## WORK TO COMPLETE
Using the records below, give again exactly the lines from the line that contains "c = l *\<^sub>R" through the line that contains "unfolding \<psi>_def c_def", both ends included, and only those.

## ENTRIES SHOWN
lemma extends_holomorphically_frequently_nonzero:
  assumes ext: "extends_holomorphically f {a<..<b}" and t: "t \<in> {a<..<b}" "f t \<noteq> 0"
  shows "\<exists>\<^sub>F s in at_right a. f s \<noteq> 0"
  unfolding frequently_def
proof
  assume "\<forall>\<^sub>F s in at_right a. \<not> f s \<noteq> 0"
  then obtain c0 where c0: "a < c0" "\<And>s. a < s \<Longrightarrow> s < c0 \<Longrightarrow> f s = 0"
    by (auto simp: eventually_at_right_field)
  define c where "c = min c0 ((a + b) / 2)"
  have c: "a < c" "c < b" "c \<le> c0"
    using c0(1) t(1) by (auto simp: c_def min_def)
  obtain F S where S: "open S" "of_real ` {a<..<b} \<subseteq> S" "F holomorphic_on S"
    and F: "\<forall>t\<in>{a<..<b}. F (of_real t) = of_real (f t)"
    using ext unfolding extends_holomorphically_def by blast
  define T where "T = connected_component_set S (of_real c)"
  have "connected (of_real ` {a<..<b} :: complex set)"
    by (intro connected_continuous_image continuous_intros) auto
  then have segment_T: "of_real ` {a<..<b} \<subseteq> T"
    unfolding T_def using c S(2) by (intro connected_component_maximal) auto
  have limpt: "of_real c islimpt (of_real ` {a<..<c} :: complex set)"
    using c(1) by (intro islimpt_isCont_image islimpt_greaterThanLessThan2)
      (auto simp: eventually_at_filter)
  have hol: "F holomorphic_on T"
    using S(3) connected_component_subset unfolding T_def by (rule holomorphic_on_subset)
  have "F (of_real t) = 0"
  proof (rule analytic_continuation[OF hol _ _ _ _ limpt])
    show "open T" "connected T" using S(1) by (simp_all add: T_def open_connected_component)
    show "of_real ` {a<..<c} \<subseteq> T" "of_real c \<in> T" "of_real t \<in> T"
      using segment_T c t by auto
    show "F z = 0" if "z \<in> of_real ` {a<..<c}" for z
      using that F c c0(2) by fastforce
  qed
  then show False using F t by simp
qed

section \<open>Density of the barycentric subspace in the great subsphere\<close>

lemma tendsto_sum_sinc_arccos_weights:
  fixes B s :: "nat \<Rightarrow> 'b \<Rightarrow> real"
  assumes K: "finite K" "m \<in> K"
    and B: "\<And>i. i \<in> K \<Longrightarrow> (B i \<longlongrightarrow> (if i = m then 1 else 0)) F"
    and s: "filterlim (s m) (at_left 1) F"
  shows "((\<lambda>t. \<Sum>i\<in>K. B i t * sinc_arccos (s i t)) \<longlongrightarrow> 1) F"
proof -
  have "((\<lambda>t. B i t * sinc_arccos (s i t)) \<longlongrightarrow> (if i = m then 1 else 0)) F" if i: "i \<in> K" for i
  proof (cases "i = m")
    case True
    show ?thesis
      using tendsto_mult[OF B[OF i] filterlim_compose[OF tendsto_sinc_arccos_1 s]] True by simp
  next
    case False
    have "(B i \<longlongrightarrow> 0) F" using B[OF i] False by simp
    moreover have "\<bar>B i t * sinc_arccos (s i t)\<bar> \<le> \<bar>B i t\<bar> * 1" for t
      unfolding abs_mult by (rule mult_left_mono[OF abs_sinc_arccos_le_1]) simp
    ultimately show ?thesis
      using False by (auto intro: tendsto_0_le[of _ _ _ 1] always_eventually)
  qed
  then have "((\<lambda>t. \<Sum>i\<in>K. B i t * sinc_arccos (s i t)) \<longlongrightarrow> (\<Sum>i\<in>K. if i = m then 1 else 0)) F"
    by (rule tendsto_sum)
  then show ?thesis using K by simp
qed

lemma closure_if_frequently_tendsto:
  fixes f :: "'b \<Rightarrow> 'a::metric_space"
  assumes "\<exists>\<^sub>F t in F. f t \<in> S" "(f \<longlongrightarrow> l) F"
  shows "l \<in> closure S"
  unfolding closure_approachable
proof (intro allI impI)
  fix e :: real assume "0 < e"
  with assms(2) have "\<forall>\<^sub>F t in F. dist (f t) l < e" by (rule tendstoD)
  then have "\<exists>\<^sub>F t in F. f t \<in> S \<and> dist (f t) l < e"
    using assms(1) by (auto intro: frequently_rev_mp elim: eventually_mono)
  then show "\<exists>y\<in>S. dist y l < e" by (auto dest: frequently_ex)
qed

lemma segment_to_member_coords:
  fixes X :: "nat \<Rightarrow> 'a::real_vector"
  assumes "x = (\<Sum>i\<le>k. a i *\<^sub>R X i)" "m \<le> k"
  shows "(1 - t) *\<^sub>R x + t *\<^sub>R X m = (\<Sum>i\<le>k. ((1 - t) * a i + (if i = m then t else 0)) *\<^sub>R X i)"
  using sum_delta_scaleR[OF assms(2), of t X]
  by (simp add: assms(1) scaleR_add_left sum.distrib scaleR_sum_right)

lemma segment_to_member_not_parallel:
  fixes X :: "nat \<Rightarrow> 'a::euclidean_space"
  assumes inj: "inj_on X {..k}" and ind: "independent (X ` {..k})" and Xm: "norm (X m) = 1"
    and x: "norm x = 1" "x = (\<Sum>i\<le>k. a i *\<^sub>R X i)"
    and m: "m \<le> k" "0 \<le> a m" "x \<noteq> X m" and t: "0 < t" "t < 1" and i: "i \<le> k"
  shows "(1 - t) *\<^sub>R x + t *\<^sub>R X m \<noteq> l *\<^sub>R X i"
proof
  assume parallel: "(1 - t) *\<^sub>R x + t *\<^sub>R X m = l *\<^sub>R X i"
  define B where "B j = (1 - t) * a j + (if j = m then t else 0)" for j
  have coeffs: "B j = (if j = i then l else 0)" if "j \<le> k" for j
    using independent_family_coeffs_of_scaled_member[OF inj ind _ i that] parallel
      segment_to_member_coords[OF x(2) m(1), of t]
    by (simp add: B_def)
  have "0 < B m" using m t by (simp add: B_def add_nonneg_pos)
  then have "i = m" using coeffs[OF m(1)] by (auto split: if_splits)
  then have "a j = (if j = m then a m else 0)" if "j \<le> k" for j
    using coeffs[OF that] t by (auto simp: B_def)
  then have "x = (\<Sum>j\<le>k. (if j = m then a m else 0) *\<^sub>R X j)"
    unfolding x(2) by (intro sum.cong) auto
  then have "x = a m *\<^sub>R X m" by (simp only: sum_delta_scaleR[OF m(1)])
  moreover from this have "a m = 1" using x(1) Xm m(2) by simp
  ultimately show False using m(3) by simp
qed

lemma sgn_segment_to_member:
  fixes X :: "nat \<Rightarrow> 'a::euclidean_space"
  assumes X: "\<forall>i\<le>k. norm (X i) = 1" and inj: "inj_on X {..k}" and ind: "independent (X ` {..k})"
    and x: "norm x = 1" "x = (\<Sum>i\<le>k. a i *\<^sub>R X i)"
    and m: "m \<le> k" "0 \<le> a m" "x \<noteq> X m" and t: "t \<in> {0<..<1}"
  defines "c \<equiv> (1 - t) *\<^sub>R x + t *\<^sub>R X m"
  shows "c \<noteq> 0"
    and "i \<le> k \<Longrightarrow> \<bar>sgn c \<bullet> X i\<bar> < 1"
    and "(\<Sum>i\<le>k. ((1 - t) * a i + (if i = m then t else 0)) * sinc_arccos (sgn c \<bullet> X i)) \<noteq> 0
      \<Longrightarrow> sgn c \<in> EBS X k"
proof -
  have Xm: "norm (X m) = 1" using X m(1) by simp
  have "0 < t" "t < 1" using t by auto
  note not_parallel = segment_to_member_not_parallel[OF inj ind Xm x m this, folded c_def]
  show c: "c \<noteq> 0" using not_parallel[OF m(1), of 0] by simp
  then have unit: "norm (sgn c) = 1" by (simp add: norm_sgn)
  have sgn_not_parallel: "sgn c \<noteq> l *\<^sub>R X i" if "i \<le> k" for i l
  proof
    assume "sgn c = l *\<^sub>R X i"
    moreover have "c = norm c *\<^sub>R sgn c" using c by (simp add: sgn_div_norm)
    ultimately have "c = (norm c * l) *\<^sub>R X i" by simp
    then show False using not_parallel[OF that] by simp
  qed
  show "\<bar>sgn c \<bullet> X i\<bar> < 1" if "i \<le> k"
    using abs_inner_unit_less_1[OF unit, of "X i"] X that sgn_not_parallel[OF that, of 1]
      sgn_not_parallel[OF that, of "-1"] by simp
  assume weight: "(\<Sum>i\<le>k. ((1 - t) * a i + (if i = m then t else 0)) * sinc_arccos (sgn c \<bullet> X i)) \<noteq> 0"
  show "sgn c \<in> EBS X k"
  proof (rule in_EBS_if_sinc_weight_nonzero[OF unit X])
    show "\<forall>i\<le>k. sgn c \<noteq> - X i" using sgn_not_parallel[of _ "-1"] by simp
    show "sgn c = (\<Sum>i\<le>k. (((1 - t) * a i + (if i = m then t else 0)) / norm c) *\<^sub>R X i)"
      using segment_to_member_coords[OF x(2) m(1), of t]
      by (simp add: sgn_div_norm c_def scaleR_sum_right divide_inverse_commute)
    show "(\<Sum>i\<le>k. ((1 - t) * a i + (if i = m then t else 0)) / norm c * sinc_arccos (sgn c \<bullet> X i)) \<noteq> 0"
      using weight c by (simp add: sum_divide_distrib[symmetric])
  qed
qed

lemma in_closure_EBS_via_segment:
  fixes X :: "nat \<Rightarrow> 'a::euclidean_space"
  assumes X: "\<forall>i\<le>k. norm (X i) = 1" and inj: "inj_on X {..k}" and ind: "independent (X ` {..k})"
    and x: "norm x = 1" "x = (\<Sum>i\<le>k. a i *\<^sub>R X i)"
    and m: "m \<le> k" "0 \<le> a m" "x \<noteq> X m"
  shows "x \<in> closure (EBS X k)"
proof -
  define c where "c t = (1 - t) *\<^sub>R x + t *\<^sub>R X m" for t
  define B where "B i t = (1 - t) * a i + (if i = m then t else 0)" for i t
  define \<psi> where "\<psi> t = (\<Sum>i\<le>k. B i t * sinc_arccos (sgn (c t) \<bullet> X i))" for t
  have Xm: "norm (X m) = 1" using X m(1) by simp
  note sgn_c = sgn_segment_to_member[OF X inj ind x m, folded c_def B_def]
  have "extends_holomorphically \<psi> {0<..<1}"
    unfolding \<psi>_def c_def
  proof (rule extends_holomorphically_sinc_weight_segment)
    show "extends_holomorphically (B i) {0<..<1}" for i
      unfolding B_def
      by (intro extends_holomorphically_add extends_holomorphically_mult extends_holomorphically_diff
          extends_holomorphically_const extends_holomorphically_ident)
        (cases "i = m"; simp add: extends_holomorphically_const extends_holomorphically_ident)
  qed (use sgn_c(1,2) in \<open>auto simp: c_def\<close>)
  moreover have "(\<psi> \<longlongrightarrow> 1) (at_left 1)"
    unfolding \<psi>_def
  proof (rule tendsto_sum_sinc_arccos_weights)
    show "(B i \<longlongrightarrow> (if i = m then 1 else 0)) (at_left 1)" for i
      unfolding B_def by (auto intro!: tendsto_eq_intros)
    have "((\<lambda>t. sgn (c t) \<bullet> X m) \<longlongrightarrow> sgn (X m) \<bullet> X m) (at_left 1)"
      unfolding c_def using Xm by (auto intro!: tendsto_eq_intros)
    moreover have "\<forall>\<^sub>F t in at_left 1. sgn (c t) \<bullet> X m < 1"
      using eventually_at_left_real[of 0 1]
    proof (rule eventually_mono)
      show "sgn (c t) \<bullet> X m < 1" if "t \<in> {0<..<1}" for t
        using sgn_c(2)[OF that m(1)] by simp
    qed simp
    ultimately show "filterlim (\<lambda>t. sgn (c t) \<bullet> X m) (at_left 1) (at_left 1)"
      using Xm by (auto intro: tendsto_imp_filterlim_at_left simp: sgn_div_norm dot_square_norm)
  qed (use m in auto)
  then have "\<forall>\<^sub>F t in at_left 1. t \<in> {0<..<1} \<and> \<psi> t > 0"
    by (intro eventually_conj eventually_at_left_real order_tendstoD(1)) auto
  then obtain t1 where "t1 \<in> {0<..<1}" "\<psi> t1 \<noteq> 0"
    using eventually_happens'[of "at_left (1::real)"] by force
  ultimately have "\<exists>\<^sub>F t in at_right 0. \<psi> t \<noteq> 0"
    by (rule extends_holomorphically_frequently_nonzero)
  then have "\<exists>\<^sub>F t in at_right 0. sgn (c t) \<in> EBS X k"
    by (rule frequently_rev_mp)
      (use eventually_at_right_real[of 0 1] sgn_c(3) in \<open>auto elim: eventually_mono simp: \<psi>_def\<close>)
  moreover have "((\<lambda>t. sgn (c t)) \<longlongrightarrow> x) (at_right 0)"
    unfolding c_def using x(1) by (auto intro!: tendsto_eq_intros simp: sgn_div_norm)
  ultimately show ?thesis by (rule closure_if_frequently_tendsto)
qed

## OUTPUT OF THE TASK
    assume "sgn c = l *\<^sub>R X i"
    moreover have "c = norm c *\<^sub>R sgn c" using c by (simp add: sgn_div_norm)
    ultimately have "c = (norm c * l) *\<^sub>R X i" by simp
    then show False using not_parallel[OF that] by simp
  qed
  show "\<bar>sgn c \<bullet> X i\<bar> < 1" if "i \<le> k"
    using abs_inner_unit_less_1[OF unit, of "X i"] X that sgn_not_parallel[OF that, of 1]
      sgn_not_parallel[OF that, of "-1"] by simp
  assume weight: "(\<Sum>i\<le>k. ((1 - t) * a i + (if i = m then t else 0)) * sinc_arccos (sgn c \<bullet> X i)) \<noteq> 0"
  show "sgn c \<in> EBS X k"
  proof (rule in_EBS_if_sinc_weight_nonzero[OF unit X])
    show "\<forall>i\<le>k. sgn c \<noteq> - X i" using sgn_not_parallel[of _ "-1"] by simp
    show "sgn c = (\<Sum>i\<le>k. (((1 - t) * a i + (if i = m then t else 0)) / norm c) *\<^sub>R X i)"
      using segment_to_member_coords[OF x(2) m(1), of t]
      by (simp add: sgn_div_norm c_def scaleR_sum_right divide_inverse_commute)
    show "(\<Sum>i\<le>k. ((1 - t) * a i + (if i = m then t else 0)) / norm c * sinc_arccos (sgn c \<bullet> X i)) \<noteq> 0"
      using weight c by (simp add: sum_divide_distrib[symmetric])
  qed
qed

lemma in_closure_EBS_via_segment:
  fixes X :: "nat \<Rightarrow> 'a::euclidean_space"
  assumes X: "\<forall>i\<le>k. norm (X i) = 1" and inj: "inj_on X {..k}" and ind: "independent (X ` {..k})"
    and x: "norm x = 1" "x = (\<Sum>i\<le>k. a i *\<^sub>R X i)"
    and m: "m \<le> k" "0 \<le> a m" "x \<noteq> X m"
  shows "x \<in> closure (EBS X k)"
proof -
  define c where "c t = (1 - t) *\<^sub>R x + t *\<^sub>R X m" for t
  define B where "B i t = (1 - t) * a i + (if i = m then t else 0)" for i t
  define \<psi> where "\<psi> t = (\<Sum>i\<le>k. B i t * sinc_arccos (sgn (c t) \<bullet> X i))" for t
  have Xm: "norm (X m) = 1" using X m(1) by simp
  note sgn_c = sgn_segment_to_member[OF X inj ind x m, folded c_def B_def]
  have "extends_holomorphically \<psi> {0<..<1}"
    unfolding \<psi>_def c_def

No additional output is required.